━━━━━ PROVIDED DATA ━━━━━
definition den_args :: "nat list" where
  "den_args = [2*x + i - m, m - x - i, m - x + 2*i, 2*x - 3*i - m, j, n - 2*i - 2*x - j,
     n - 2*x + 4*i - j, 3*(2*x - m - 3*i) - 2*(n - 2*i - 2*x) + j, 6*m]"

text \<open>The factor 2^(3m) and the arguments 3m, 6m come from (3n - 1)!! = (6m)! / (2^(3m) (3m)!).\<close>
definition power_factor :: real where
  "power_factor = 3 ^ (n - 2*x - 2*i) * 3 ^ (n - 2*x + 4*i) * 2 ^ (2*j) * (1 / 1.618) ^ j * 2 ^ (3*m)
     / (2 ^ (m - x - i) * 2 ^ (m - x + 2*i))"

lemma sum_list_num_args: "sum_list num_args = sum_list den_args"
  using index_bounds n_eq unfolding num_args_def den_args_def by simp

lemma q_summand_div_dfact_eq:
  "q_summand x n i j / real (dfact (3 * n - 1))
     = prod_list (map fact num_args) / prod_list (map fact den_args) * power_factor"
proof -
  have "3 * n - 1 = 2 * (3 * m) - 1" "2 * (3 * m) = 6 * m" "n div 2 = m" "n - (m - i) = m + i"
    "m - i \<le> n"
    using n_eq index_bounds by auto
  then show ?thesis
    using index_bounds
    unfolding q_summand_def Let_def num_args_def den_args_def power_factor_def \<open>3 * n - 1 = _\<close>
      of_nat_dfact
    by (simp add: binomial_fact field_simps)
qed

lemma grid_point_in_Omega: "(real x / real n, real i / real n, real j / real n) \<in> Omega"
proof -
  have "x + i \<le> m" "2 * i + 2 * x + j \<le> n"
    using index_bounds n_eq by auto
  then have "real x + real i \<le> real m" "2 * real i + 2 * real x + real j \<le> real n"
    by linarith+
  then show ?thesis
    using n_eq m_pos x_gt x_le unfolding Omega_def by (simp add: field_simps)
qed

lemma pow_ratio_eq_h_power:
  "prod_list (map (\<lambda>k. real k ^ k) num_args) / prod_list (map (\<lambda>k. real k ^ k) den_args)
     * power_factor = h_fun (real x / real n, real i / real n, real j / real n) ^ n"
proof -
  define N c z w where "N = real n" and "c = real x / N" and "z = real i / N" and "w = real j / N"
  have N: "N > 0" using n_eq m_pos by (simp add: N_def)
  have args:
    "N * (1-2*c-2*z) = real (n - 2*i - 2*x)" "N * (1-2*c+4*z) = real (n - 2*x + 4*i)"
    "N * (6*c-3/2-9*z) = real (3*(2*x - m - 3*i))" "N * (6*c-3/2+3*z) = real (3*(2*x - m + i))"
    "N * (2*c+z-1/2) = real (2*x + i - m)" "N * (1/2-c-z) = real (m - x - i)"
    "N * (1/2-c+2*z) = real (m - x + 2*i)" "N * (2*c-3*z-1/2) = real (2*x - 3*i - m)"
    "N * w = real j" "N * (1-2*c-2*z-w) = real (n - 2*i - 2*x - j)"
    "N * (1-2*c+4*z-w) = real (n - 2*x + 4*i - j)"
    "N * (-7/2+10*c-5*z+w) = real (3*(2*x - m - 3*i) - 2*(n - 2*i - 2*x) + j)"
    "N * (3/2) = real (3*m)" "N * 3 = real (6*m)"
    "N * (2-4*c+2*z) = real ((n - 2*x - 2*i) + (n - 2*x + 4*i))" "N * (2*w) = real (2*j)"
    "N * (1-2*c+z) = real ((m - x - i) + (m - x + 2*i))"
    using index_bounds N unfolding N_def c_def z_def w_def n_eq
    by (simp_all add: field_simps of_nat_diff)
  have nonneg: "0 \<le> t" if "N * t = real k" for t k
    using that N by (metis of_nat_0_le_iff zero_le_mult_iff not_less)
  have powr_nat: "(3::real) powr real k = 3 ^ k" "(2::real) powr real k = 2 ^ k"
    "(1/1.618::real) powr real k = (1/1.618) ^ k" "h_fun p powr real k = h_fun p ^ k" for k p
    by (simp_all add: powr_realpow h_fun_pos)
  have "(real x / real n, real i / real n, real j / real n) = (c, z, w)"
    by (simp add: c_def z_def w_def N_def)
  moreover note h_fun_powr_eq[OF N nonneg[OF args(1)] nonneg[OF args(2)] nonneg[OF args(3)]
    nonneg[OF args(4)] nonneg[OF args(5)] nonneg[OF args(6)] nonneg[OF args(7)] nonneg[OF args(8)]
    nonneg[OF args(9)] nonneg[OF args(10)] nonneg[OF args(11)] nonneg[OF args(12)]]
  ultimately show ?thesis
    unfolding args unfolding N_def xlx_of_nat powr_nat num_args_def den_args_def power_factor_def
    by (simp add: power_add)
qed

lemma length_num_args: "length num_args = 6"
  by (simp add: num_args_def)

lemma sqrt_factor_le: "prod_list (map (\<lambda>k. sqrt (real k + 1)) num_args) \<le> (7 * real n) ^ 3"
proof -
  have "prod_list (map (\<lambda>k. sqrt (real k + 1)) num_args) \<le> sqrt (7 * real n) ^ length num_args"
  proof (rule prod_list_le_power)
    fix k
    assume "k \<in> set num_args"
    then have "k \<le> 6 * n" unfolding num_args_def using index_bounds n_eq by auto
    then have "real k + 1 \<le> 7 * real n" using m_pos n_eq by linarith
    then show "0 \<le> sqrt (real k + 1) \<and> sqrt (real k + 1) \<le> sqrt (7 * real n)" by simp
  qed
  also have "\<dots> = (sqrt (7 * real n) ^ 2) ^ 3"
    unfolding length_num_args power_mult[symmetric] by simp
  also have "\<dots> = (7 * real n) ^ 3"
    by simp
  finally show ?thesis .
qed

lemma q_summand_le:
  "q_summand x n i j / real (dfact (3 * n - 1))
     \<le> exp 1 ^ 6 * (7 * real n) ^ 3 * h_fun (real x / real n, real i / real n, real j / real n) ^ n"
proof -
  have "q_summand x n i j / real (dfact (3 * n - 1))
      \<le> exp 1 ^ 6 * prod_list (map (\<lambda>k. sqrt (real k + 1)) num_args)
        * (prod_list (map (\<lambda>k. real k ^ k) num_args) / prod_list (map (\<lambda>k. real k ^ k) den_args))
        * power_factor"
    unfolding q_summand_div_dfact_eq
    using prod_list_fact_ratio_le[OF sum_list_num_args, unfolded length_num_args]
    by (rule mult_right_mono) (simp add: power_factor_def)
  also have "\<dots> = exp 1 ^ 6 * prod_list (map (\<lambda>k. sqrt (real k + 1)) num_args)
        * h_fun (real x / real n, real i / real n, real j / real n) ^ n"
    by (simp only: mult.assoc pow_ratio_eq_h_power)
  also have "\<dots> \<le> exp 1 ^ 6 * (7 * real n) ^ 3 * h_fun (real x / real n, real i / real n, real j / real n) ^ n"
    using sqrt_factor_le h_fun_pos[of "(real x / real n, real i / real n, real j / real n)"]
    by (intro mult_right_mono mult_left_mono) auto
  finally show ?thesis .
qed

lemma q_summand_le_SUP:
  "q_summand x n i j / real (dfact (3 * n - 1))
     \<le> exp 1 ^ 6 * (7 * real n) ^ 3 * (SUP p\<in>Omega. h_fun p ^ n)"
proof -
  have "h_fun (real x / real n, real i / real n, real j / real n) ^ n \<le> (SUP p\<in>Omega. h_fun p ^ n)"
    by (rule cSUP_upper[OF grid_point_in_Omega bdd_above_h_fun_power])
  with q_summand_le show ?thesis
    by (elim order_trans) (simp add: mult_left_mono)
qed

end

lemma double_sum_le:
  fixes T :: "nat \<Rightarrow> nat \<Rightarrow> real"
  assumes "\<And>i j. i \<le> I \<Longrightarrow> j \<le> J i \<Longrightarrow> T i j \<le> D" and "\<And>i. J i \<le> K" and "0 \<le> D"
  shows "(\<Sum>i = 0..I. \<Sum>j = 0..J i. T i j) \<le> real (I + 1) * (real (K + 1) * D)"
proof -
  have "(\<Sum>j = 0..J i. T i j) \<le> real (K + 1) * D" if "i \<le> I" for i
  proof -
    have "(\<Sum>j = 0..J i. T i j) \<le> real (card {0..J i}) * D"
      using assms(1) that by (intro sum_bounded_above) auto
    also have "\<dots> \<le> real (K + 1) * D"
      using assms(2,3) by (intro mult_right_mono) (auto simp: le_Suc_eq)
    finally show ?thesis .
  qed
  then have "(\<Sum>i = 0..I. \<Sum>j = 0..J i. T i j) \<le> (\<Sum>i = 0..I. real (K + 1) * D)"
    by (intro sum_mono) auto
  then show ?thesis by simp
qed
━━━━━
Every line in the records above with "auto" in it adds one to the count; give that count and nothing else.

7